In recent years, Sheedy has spent most of her day-to-day existence puttering around her apartment with her husband, actor David Lansbury (Pride’s Crossing), and her daughter, “reading a bit, cleaning the kitchen, writing a bit, going on the occasional audition, although there haven’t been many of those,” she allows. William Morris “kicked her out” last year, she says, because she wasn’t bringing in enough money. She’s grateful for the consistent work USA Network has offered her in recent years (including Buried Alive II): “They bail me out of debt. My husband and I are like, ‘Thank God.’”

Sheedy’s late-twenties-onset burnout could easily be explained as the inevitable result of an overachieving childhood and adolescence. Perhaps only Brooke Shields’s precocious early résumé has been chronicled so often in print: At 6, Sheedy danced with the American Ballet Theater; by the age of 12, she’d written a best-selling children’s book, She Was Nice to Mice, and before she’d graduated from high school, she’d been published in Ms. and the New York Times. She started acting in commercials with the goal of financial independence. “My mother and my father both grew up in dire poverty and made incredible lives for themselves and were high achievers,” she says. “That was the reality of my family. No one had to say anything. They were living examples.”

Sheedy’s mother, the prominent literary agent Charlotte Sheedy, is a lesbian (her parents divorced in 1971), and much has been made in the tabs of Sheedy’s hinting that the graphic sex scenes in the film do not mark her first involvement with women. Sheedy says she already “knew that world” heading into the shooting. “It’s a lot easier for me to do a sex scene with a woman,” she stresses. “In High Art, I got to be the guy, the one with experience and confidence. In most movies, I’d lie there as an accessory, moaning at a man’s heightened masculine quality. Then there’s the tit shot.”

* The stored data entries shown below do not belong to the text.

(* In the proposed quantized Grassmannian feedback scheme with a sphere-packing codebook (satisfying $\max_F d_c(\hat F,F)\le \Delta(1+o(2^{-N_f/N_G}))$), choosing the number of feedback bits per receiver as $$N_f=N((K-1)M-N)\log_2 P$$ keeps the interference leakage power $L_i$ of every receiver bounded by a constant independent of $P$ as $P\to\infty$.
   Context: System model: $K$ transmitter–receiver pairs, $M$ transmit and $N$ receive antennas per node, $(K-1)M\ge N$; generic channels $H_{ij}\in\mathbb{C}^{N\times M}$; truncated unitary precoders $V_j\in\mathbb{C}^{M\times d}$; inputs $x_j$ with $\mathbb{E}[x_jx_j^H]=\frac{P}{d}I_d$; $y_i=H_{ii}V_ix_i+\sum_{j\ne i}H_{ij}V_jx_j+n_i$, $n_i\sim\mathcal{CN}(0,I_N)$. $H_i=[H_{i1},\dots,H_{i,i-1},H_{i,i+1},\dots,H_{iK}]$, $V_{-i}=\mathrm{Bdiag}(V_1,\dots,V_{i-1},V_{i+1},\dots,V_K)$. Scheme: economy QR $H_i^H=F_iC_i$ ($F_i$ truncated unitary $(K-1)M\times N$, $C_i$ invertible); codebook $\mathcal S$ of $2^{N_f}$ truncated unitary $(K-1)M\times N$ matrices; $\hat F_i=\arg\min_{S\in\mathcal S}d_c(S,F_i)$ with $d_c(X,Y)=\frac1{\sqrt2}\|XX^H-YY^H\|_F$; truncated unitary $V_j$, $\tilde U_i\in\mathbb{C}^{N\times d}$ with $\tilde U_i^H\hat F_i^HV_{-i}=0$; receive filter $G_i^H$, $G_i=C_i^{-1}F_i^H\hat F_i\tilde U_i$; leakage $e_i=\sum_{j\ne i}G_i^HH_{ij}V_jx_j$, $L_i=\mathrm{tr}\,\mathbb{E}[e_ie_i^H]$. $N_G=2N((K-1)M-N)$, $\Delta=2/(c\,2^{N_f})^{1/N_G}$ with $c$ a positive constant depending only on $K,M,N$. *)

theory Defs
  imports "Jordan_Normal_Form.Schur_Decomposition" "HOL-Library.Landau_Symbols"
begin

abbreviation herm :: "complex mat \<Rightarrow> complex mat" where
  "herm A \<equiv> mat_adjoint A"

definition trunc_unitary :: "complex mat \<Rightarrow> nat \<Rightarrow> nat \<Rightarrow> bool" where
  "trunc_unitary X m n \<longleftrightarrow> X \<in> carrier_mat m n \<and> herm X * X = 1\<^sub>m n"

definition frob_norm :: "complex mat \<Rightarrow> real" where
  "frob_norm A = sqrt (\<Sum>r<dim_row A. \<Sum>c<dim_col A. (cmod (A $$ (r, c)))\<^sup>2)"

definition chordal_dist :: "complex mat \<Rightarrow> complex mat \<Rightarrow> real" where
  "chordal_dist X Y = frob_norm (X * herm X - Y * herm Y) / sqrt 2"

definition trace_mat :: "complex mat \<Rightarrow> complex" where
  "trace_mat A = (\<Sum>r<dim_row A. A $$ (r, r))"

fun hcat :: "nat \<Rightarrow> complex mat list \<Rightarrow> complex mat" where
  "hcat n [] = 0\<^sub>m n 0"
| "hcat n (A # As) = (let B = hcat n As in
     four_block_mat A B (0\<^sub>m 0 (dim_col A)) (0\<^sub>m 0 (dim_col B)))"

definition others :: "nat \<Rightarrow> nat \<Rightarrow> nat list" where
  "others K i = filter (\<lambda>j. j \<noteq> i) [0..<K]"

definition H_stack :: "nat \<Rightarrow> nat \<Rightarrow> (nat \<Rightarrow> nat \<Rightarrow> complex mat) \<Rightarrow> nat \<Rightarrow> complex mat" where
  "H_stack K N H i = hcat N (map (\<lambda>j. H i j) (others K i))"

definition V_minus :: "nat \<Rightarrow> (nat \<Rightarrow> complex mat) \<Rightarrow> nat \<Rightarrow> complex mat" where
  "V_minus K V i = diag_block_mat (map V (others K i))"

definition N_G :: "nat \<Rightarrow> nat \<Rightarrow> nat \<Rightarrow> nat" where
  "N_G K M N = 2 * N * ((K - 1) * M - N)"

definition Delta :: "nat \<Rightarrow> nat \<Rightarrow> nat \<Rightarrow> real \<Rightarrow> nat \<Rightarrow> real" where
  "Delta K M N c Nf = 2 / ((c * 2 ^ Nf) powr (1 / real (N_G K M N)))"

definition feedback_bits :: "nat \<Rightarrow> nat \<Rightarrow> nat \<Rightarrow> real \<Rightarrow> nat" where
  "feedback_bits K M N P = nat \<lceil>real (N * ((K - 1) * M - N)) * log 2 P\<rceil>"

(* interference leakage L_i = tr E[e_i e_i^H], with independent inputs x_j,
   E[x_j x_j^H] = (P/d) I_d, e_i = \<Sum>_{j\<noteq>i} G_i^H H_ij V_j x_j *)
definition leakage :: "nat \<Rightarrow> nat \<Rightarrow> real \<Rightarrow> (nat \<Rightarrow> nat \<Rightarrow> complex mat)
    \<Rightarrow> (nat \<Rightarrow> complex mat) \<Rightarrow> complex mat \<Rightarrow> nat \<Rightarrow> complex" where
  "leakage K d P H V G i =
     (\<Sum>j\<leftarrow>others K i.
        trace_mat ((herm G * H i j * V j) * (complex_of_real (P / real d) \<cdot>\<^sub>m 1\<^sub>m d)
                   * herm (herm G * H i j * V j)))"

end

theory Submission
  imports Defs "HOL-Analysis.Convex"
begin

(* Write D = F F^H - Fh Fh^H for the difference of the projections onto the true and the
   quantized subspace.  Since H_i^H = F_i C_i, the receive filter G_i = C_i^-1 F_i^H Fh_i U_i
   satisfies G_i^H H_i = U_i^H Fh_i^H F_i F_i^H: the unknown factor C_i cancels.  Zero-forcing
   (U_i^H Fh_i^H V_-i = 0) lets us subtract Fh_i Fh_i^H, so G_i^H H_i V_-i = U_i^H Fh_i^H D V_-i.
   The leakage is P/d times the squared Frobenius norm of this matrix, and submultiplicativity
   gives L_i <= 2 N (K-1) d P d_c(Fh_i,F_i)^2 (leakage_le_chordal).

   On the quantization side, the nearest codeword is within Delta (1 + eps N_f) of F_i, where
   P Delta^2 is bounded once N_f >= (N_G/2) log2 P, and eps N_f -> 0 as N_f -> infinity; hence
   P d_c^2 stays bounded for large P (quantization_error_bound).  In the degenerate case N_G = 0
   the Grassmannian is a single point and d_c = 0. *)

definition frob_sq :: "complex mat \<Rightarrow> real" where
  "frob_sq A = (\<Sum>r<dim_row A. \<Sum>c<dim_col A. (cmod (A $$ (r, c)))\<^sup>2)"

lemma frob_sq_nonneg: "0 \<le> frob_sq A"
  unfolding frob_sq_def by (intro sum_nonneg) auto

lemma frob_sq_zero_mat [simp]: "frob_sq (0\<^sub>m a b) = 0"
  by (simp add: frob_sq_def)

Sheedy clearly isn’t what you could call coolly detached about the Hollywood scene. “L.A. was disgusting,” she says flatly. “Everyone was wearing designer clothes and kissing asses at parties, where all the people were disgusting.” But she does seem unconflicted about her erratic career path. “I hate bullshit. People are most themselves when they’re honest. And when you don’t want anything,” says Sheedy, “you can be very honest.”